*Problem description*. Retrieve every line from the records in which the word "subseteq" occurs.

*Records from a data collection*.

········

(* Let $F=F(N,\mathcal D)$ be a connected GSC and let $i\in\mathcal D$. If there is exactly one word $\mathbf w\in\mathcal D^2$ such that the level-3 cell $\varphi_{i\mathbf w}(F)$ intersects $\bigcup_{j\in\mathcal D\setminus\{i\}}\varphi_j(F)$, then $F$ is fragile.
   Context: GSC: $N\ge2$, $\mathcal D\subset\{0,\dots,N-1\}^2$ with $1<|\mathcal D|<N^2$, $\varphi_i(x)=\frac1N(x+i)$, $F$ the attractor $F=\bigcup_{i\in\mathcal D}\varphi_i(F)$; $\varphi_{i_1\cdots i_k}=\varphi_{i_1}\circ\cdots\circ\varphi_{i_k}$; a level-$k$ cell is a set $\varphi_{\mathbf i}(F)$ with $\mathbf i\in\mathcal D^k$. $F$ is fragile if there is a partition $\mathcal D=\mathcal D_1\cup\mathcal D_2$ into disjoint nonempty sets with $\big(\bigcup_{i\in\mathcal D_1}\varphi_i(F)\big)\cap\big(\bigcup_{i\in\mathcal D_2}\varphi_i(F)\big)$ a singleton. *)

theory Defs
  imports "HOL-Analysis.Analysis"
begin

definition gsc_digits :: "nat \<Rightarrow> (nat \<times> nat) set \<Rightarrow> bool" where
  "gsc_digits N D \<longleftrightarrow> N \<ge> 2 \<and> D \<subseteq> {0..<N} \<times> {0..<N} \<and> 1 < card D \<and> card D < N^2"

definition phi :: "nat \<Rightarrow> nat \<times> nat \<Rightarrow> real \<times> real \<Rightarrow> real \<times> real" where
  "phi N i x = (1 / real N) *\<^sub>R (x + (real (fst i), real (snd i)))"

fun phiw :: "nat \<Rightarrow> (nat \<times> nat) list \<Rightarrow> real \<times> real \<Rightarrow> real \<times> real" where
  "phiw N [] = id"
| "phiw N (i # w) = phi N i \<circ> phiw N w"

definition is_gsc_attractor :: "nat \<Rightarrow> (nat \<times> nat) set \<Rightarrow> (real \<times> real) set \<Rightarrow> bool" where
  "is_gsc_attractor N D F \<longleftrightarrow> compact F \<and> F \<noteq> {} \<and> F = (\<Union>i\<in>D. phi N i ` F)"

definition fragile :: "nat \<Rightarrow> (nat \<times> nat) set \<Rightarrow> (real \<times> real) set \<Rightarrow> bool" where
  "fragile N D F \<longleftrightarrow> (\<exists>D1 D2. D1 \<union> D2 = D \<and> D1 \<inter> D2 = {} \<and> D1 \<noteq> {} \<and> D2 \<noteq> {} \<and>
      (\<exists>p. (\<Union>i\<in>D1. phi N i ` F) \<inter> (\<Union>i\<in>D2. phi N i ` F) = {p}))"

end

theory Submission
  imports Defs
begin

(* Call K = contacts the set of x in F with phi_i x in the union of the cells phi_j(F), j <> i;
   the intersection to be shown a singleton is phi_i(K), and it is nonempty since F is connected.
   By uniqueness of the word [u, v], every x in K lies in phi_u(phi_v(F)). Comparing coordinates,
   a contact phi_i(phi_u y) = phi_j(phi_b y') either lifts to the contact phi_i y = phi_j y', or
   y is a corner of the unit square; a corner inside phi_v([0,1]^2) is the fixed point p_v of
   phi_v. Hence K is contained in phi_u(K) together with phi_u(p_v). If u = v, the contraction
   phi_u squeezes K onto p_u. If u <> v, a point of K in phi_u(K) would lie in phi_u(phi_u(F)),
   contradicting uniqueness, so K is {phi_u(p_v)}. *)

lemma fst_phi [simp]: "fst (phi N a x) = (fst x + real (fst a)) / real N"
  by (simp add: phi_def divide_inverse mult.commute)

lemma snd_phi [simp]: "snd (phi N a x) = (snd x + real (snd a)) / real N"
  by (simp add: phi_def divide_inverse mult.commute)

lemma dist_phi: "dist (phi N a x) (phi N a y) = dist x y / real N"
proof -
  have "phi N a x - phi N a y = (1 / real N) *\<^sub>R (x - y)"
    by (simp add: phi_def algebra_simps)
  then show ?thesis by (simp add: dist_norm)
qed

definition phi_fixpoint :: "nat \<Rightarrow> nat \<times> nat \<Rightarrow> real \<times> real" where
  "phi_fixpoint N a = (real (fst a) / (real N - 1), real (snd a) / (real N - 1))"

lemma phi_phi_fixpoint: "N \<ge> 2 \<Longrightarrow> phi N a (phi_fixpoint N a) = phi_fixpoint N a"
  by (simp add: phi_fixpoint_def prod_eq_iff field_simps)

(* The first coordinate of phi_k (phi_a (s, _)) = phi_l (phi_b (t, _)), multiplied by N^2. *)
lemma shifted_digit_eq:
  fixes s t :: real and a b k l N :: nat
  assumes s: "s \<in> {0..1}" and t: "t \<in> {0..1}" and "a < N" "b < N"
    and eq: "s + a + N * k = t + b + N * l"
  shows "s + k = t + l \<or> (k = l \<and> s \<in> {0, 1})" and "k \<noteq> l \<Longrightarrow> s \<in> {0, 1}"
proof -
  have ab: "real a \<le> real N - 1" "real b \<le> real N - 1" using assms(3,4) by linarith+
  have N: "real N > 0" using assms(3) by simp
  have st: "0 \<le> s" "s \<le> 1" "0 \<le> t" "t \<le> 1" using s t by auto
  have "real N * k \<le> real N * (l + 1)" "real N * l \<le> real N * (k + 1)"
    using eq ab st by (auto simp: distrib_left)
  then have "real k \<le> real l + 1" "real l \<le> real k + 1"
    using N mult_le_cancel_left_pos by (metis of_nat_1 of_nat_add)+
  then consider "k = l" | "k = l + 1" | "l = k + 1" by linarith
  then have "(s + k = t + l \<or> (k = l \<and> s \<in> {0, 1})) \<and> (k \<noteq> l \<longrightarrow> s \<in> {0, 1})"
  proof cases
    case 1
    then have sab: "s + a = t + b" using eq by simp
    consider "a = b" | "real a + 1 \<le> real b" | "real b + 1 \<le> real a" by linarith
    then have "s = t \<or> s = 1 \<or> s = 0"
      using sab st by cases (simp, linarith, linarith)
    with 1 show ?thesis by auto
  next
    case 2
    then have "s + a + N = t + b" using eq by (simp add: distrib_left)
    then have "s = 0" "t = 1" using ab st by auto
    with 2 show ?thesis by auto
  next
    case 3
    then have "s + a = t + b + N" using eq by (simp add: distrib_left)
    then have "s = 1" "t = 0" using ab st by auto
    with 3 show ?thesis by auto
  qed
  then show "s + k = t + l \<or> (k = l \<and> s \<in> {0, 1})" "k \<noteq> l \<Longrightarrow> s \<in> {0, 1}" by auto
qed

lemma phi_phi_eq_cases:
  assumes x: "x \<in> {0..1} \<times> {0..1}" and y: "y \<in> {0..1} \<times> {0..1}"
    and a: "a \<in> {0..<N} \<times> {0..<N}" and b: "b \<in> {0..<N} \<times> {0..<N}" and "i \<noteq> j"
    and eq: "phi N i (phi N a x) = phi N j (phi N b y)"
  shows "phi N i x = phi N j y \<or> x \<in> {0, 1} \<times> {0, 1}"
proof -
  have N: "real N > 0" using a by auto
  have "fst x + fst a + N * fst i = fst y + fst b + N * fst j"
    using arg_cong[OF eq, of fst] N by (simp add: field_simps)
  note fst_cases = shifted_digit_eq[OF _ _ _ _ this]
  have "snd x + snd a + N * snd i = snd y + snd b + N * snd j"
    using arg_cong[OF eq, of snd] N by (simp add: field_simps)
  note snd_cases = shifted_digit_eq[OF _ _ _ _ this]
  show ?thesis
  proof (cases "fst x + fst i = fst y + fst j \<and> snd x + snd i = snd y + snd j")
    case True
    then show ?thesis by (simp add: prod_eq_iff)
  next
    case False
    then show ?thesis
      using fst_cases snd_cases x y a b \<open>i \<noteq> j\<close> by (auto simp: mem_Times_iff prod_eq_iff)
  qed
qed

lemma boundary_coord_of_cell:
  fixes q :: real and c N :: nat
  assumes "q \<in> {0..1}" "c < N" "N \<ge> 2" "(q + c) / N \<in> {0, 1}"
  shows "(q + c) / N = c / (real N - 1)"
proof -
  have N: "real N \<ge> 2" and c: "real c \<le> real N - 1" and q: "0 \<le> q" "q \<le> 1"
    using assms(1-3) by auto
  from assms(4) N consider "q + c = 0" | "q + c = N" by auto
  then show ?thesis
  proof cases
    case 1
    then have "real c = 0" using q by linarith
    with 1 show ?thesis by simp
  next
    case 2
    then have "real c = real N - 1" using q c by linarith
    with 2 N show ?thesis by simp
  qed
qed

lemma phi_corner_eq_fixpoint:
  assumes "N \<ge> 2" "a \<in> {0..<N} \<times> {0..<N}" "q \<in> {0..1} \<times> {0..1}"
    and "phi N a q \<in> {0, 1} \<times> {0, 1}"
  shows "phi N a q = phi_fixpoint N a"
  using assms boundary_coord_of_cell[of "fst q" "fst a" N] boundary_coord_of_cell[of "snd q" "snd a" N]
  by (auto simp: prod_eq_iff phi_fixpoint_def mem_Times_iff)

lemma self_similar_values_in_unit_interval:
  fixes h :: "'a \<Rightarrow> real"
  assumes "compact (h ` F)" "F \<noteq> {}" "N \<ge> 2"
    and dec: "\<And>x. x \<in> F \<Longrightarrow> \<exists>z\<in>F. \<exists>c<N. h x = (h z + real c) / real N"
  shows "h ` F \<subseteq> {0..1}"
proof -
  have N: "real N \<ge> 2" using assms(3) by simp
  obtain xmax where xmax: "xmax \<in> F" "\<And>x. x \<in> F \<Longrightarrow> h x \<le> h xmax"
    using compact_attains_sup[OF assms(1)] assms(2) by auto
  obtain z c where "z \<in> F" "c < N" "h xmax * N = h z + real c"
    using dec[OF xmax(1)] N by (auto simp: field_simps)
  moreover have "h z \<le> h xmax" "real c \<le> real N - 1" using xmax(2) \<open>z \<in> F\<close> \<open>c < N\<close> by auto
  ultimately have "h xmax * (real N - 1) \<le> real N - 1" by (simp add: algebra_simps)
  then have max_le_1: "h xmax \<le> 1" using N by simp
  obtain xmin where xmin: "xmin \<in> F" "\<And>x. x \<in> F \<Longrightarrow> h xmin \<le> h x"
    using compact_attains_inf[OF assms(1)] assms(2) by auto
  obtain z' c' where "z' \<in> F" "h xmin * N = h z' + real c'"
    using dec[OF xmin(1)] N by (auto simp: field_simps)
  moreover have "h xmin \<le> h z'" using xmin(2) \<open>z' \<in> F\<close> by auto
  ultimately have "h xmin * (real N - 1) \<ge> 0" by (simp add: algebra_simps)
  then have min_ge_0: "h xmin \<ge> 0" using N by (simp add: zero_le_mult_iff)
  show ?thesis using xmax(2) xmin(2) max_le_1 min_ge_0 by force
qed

········

*Response below*.
  "gsc_digits N D \<longleftrightarrow> N \<ge> 2 \<and> D \<subseteq> {0..<N} \<times> {0..<N} \<and> 1 < card D \<and> card D < N^2"
  shows "h ` F \<subseteq> {0..1}"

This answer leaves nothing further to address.